The world of piano has always celebrated its superstar soloists whether veterans of the concert-hall or prize winning students and, with CDs to sell for survival, the promotions industry has never been busier. Sometimes overlooked, the two-piano ensemble deserves as much. David Nettle and Richard Markham have played together for some 25 years and I am really ashamed that I have not listened to a note from them in all that time. These highly virtuosic and musical gentlemen deserve as many honours as any glamorous solo keyboard tigress or tiger.

The initial impression is of a CD of encore pieces but, while most of the pieces last less than four minutes, there is plenty of substance here. At the start of the disc and the longest piece on it, Addinsell’s music for "Dangerous Moonlight" makes an impressive impact in Nettle and Markham’s own version for two pianos. However, while the ever-modest Addinsell’s claim for the Warsaw Concerto as ‘cod-Rachmaninoff’ is accurate, as music it barely holds water away from the silver screen or perhaps the cocktail bar. For me, the highlights of the disc are the excerpts from Façade, again in the performers’ own witty arrangements. All receive deliciously pointed performances; the pianists contrive to recreate the chamber versions with their artfully varied articulation and colourations.
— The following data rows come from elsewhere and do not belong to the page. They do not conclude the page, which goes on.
lemma card_complement_pairs:
  assumes "\<forall>J\<in>S. J \<subseteq> A \<and> A - J \<in> S" "A \<noteq> {}" "finite S"
  shows "2 * card ((\<lambda>J. {J, A - J}) ` S) = card S"
proof -
  have "J \<noteq> A - J" if "J \<in> S" for J
    using assms(1,2) that by blast
  then have "card p = 2" if "p \<in> (\<lambda>J. {J, A - J}) ` S" for p
    using that by auto
  then show ?thesis
    using product_partition[OF partition_on_complement_pairs[OF assms(1)]] assms(3)
    by (fastforce simp: mult.commute)
qed

lemma card_le_1_if_empty_or_full:
  assumes "\<forall>J\<in>S. J \<subseteq> {1..m} \<and> card J = l" "l = 0 \<or> m \<le> l"
  shows "card S \<le> 1"
proof -
  have "J = (if l = 0 then {} else {1..m})" if "J \<in> S" for J
  proof -
    have "J \<subseteq> {1..m}" "card J = l"
      using assms(1) that by auto
    moreover have "finite J"
      using finite_subset[OF \<open>J \<subseteq> {1..m}\<close>] by simp
    ultimately show ?thesis
      using assms(2) card_subset_eq[of "{1..m}" J] card_mono[of "{1..m}" J] by auto
  qed
  then have "S \<subseteq> {if l = 0 then {} else {1..m}}"
    by blast
  then show ?thesis
    using card_mono[of "{if l = 0 then {} else {1..m}}" S] by simp
qed

lemma card_inter_le_max_pair_intersection:
  assumes "finite S" "J \<in> S" "K \<in> S" "J \<noteq> K"
  shows "card (J \<inter> K) \<le> max_pair_intersection S"
proof -
  have "{card (J \<inter> J') | J J'. J \<in> S \<and> J' \<in> S \<and> J \<noteq> J'}
      \<subseteq> (\<lambda>(J, J'). card (J \<inter> J')) ` (S \<times> S)"
    by auto
  then have "finite {card (J \<inter> J') | J J'. J \<in> S \<and> J' \<in> S \<and> J \<noteq> J'}"
    by (rule finite_subset) (use assms(1) in simp)
  then show ?thesis
    unfolding max_pair_intersection_def by (rule Max_ge) (use assms(2-4) in blast)
qed

lemma complement_pair_partition_if_pairwise_inter_le:
  assumes "0 < l" "l < m" "\<forall>J\<in>S. J \<subseteq> {1..m} \<and> card J = l"
    and "pairwise (\<lambda>J K. real (card (J \<inter> K)) \<le> (real l)\<^sup>2 / real m) S"
    and card: "card S = 2 * (m - 1)"
  shows "\<exists>P. partition_on S P \<and> card P = m - 1 \<and>
           (\<forall>p\<in>P. \<exists>A B. p = {A, B} \<and> A \<noteq> B \<and> A \<inter> B = {} \<and> 2 * card A = m \<and> 2 * card B = m)"
proof -
  have "finite S"
    using assms(3) by (intro finite_subset[of S "Pow {1..m}"]) auto
  have compl: "\<forall>J\<in>S. J \<subseteq> {1..m} \<and> {1..m} - J \<in> S"
    using complement_mem_if_pairwise_inter_le[OF assms(1-4) card] assms(3) by blast
  have size: "card J = l" "card ({1..m} - J) = l" if "J \<in> S" for J
    using assms(3) compl that by auto
  have half: "2 * l = m"
  proof -
    have "S \<noteq> {}"
      using card assms(1,2) by auto
    then obtain J where J: "J \<in> S"
      by blast
    then have "card ({1..m} - J) = m - l"
      using assms(3) card_Diff_subset[of J "{1..m}"] finite_subset[of J "{1..m}"] by simp
    with size(2)[OF J] assms(2) show ?thesis
      by linarith
  qed
  define P where "P = (\<lambda>J. {J, {1..m} - J}) ` S"
  have "partition_on S P"
    unfolding P_def using compl by (rule partition_on_complement_pairs)
  moreover have "2 * card P = card S"
    unfolding P_def by (rule card_complement_pairs[OF compl _ \<open>finite S\<close>]) (use assms(2) in simp)
  then have "card P = m - 1"
    using card by simp
  moreover have "\<exists>A B. p = {A, B} \<and> A \<noteq> B \<and> A \<inter> B = {} \<and> 2 * card A = m \<and> 2 * card B = m"
    if "p \<in> P" for p
  proof -
    obtain J where J: "J \<in> S" "p = {J, {1..m} - J}"
      using \<open>p \<in> P\<close> by (auto simp: P_def)
    have "J \<noteq> {}"
      using size(1)[OF J(1)] assms(1) by auto
    show ?thesis
    proof (intro exI conjI)
      show "p = {J, {1..m} - J}"
        by (rule J(2))
      show "J \<noteq> {1..m} - J" "J \<inter> ({1..m} - J) = {}"
        using \<open>J \<noteq> {}\<close> by blast+
      show "2 * card J = m" "2 * card ({1..m} - J) = m"
        using size[OF J(1)] half by simp_all
    qed
  qed
  ultimately show ?thesis
    by blast
qed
The Façade transcriptions are sensibly distributed about the CD, as are the Grainger works. The composer himself ‘dished up’ these versions for two pianos and the results are, if anything, more enjoyable than those for solo piano. The folksy tunes stand up well to the virtuosic treatment and Nettle and Markham provide all the élan and dash you could wish for. In fact, of all the other items on the disc, only Bridge’s ‘Sally In Our Alley’ succumbs to an overdose of grandiosity.

Other highlights include Dring’s Lilliburlero Variations with their piquant Poulenc-esque touches (said to be No.1; I really must look for No.2), a swaggering version of Gay’s ‘The Lambeth Walk’ and Cyril Scott’s ‘Lotus Land’. Though he was described as the English Debussy, Scott’s orientalism feels more like pastiche than the Frenchman’s, which seems better absorbed.

Jeremy Nicholas pops up in all sorts of contexts, notably as a Gramophone reviewer; I return frequently to his deliciously witty lyrics to 'Place Settings' and 'Usherette's Blues' on Sarah Walker and Roger Vignole’s album 'Blah Blah Blah'. He gets a rare instrumental outing here at the sensitive hands of Nettle and Markham. ‘Quiet Piece No.1’ has a gently old-fashioned tango lilt reminiscent of Scott Joplin’s ‘Solace’.

I must admit that I generally hear as much as I want to of Eric Coates’ ‘Sleepy Lagoon’ at the start of Desert Island Discs. Only the beguilingly nostalgic playing of Nettle and Markham kept me attentive through the full five minutes. There will be many listeners, however, who don’t share my view.

The only real downside of the disc is the sometimes clangorous piano sound in the upper register, somewhat wearing in the Warsaw Concerto and at various fortissimi elsewhere. However, the vitality and sensitivity expressed in this collection more than compensate. I will be returning to these performers whenever I need to raise a smile with entertaining pianism.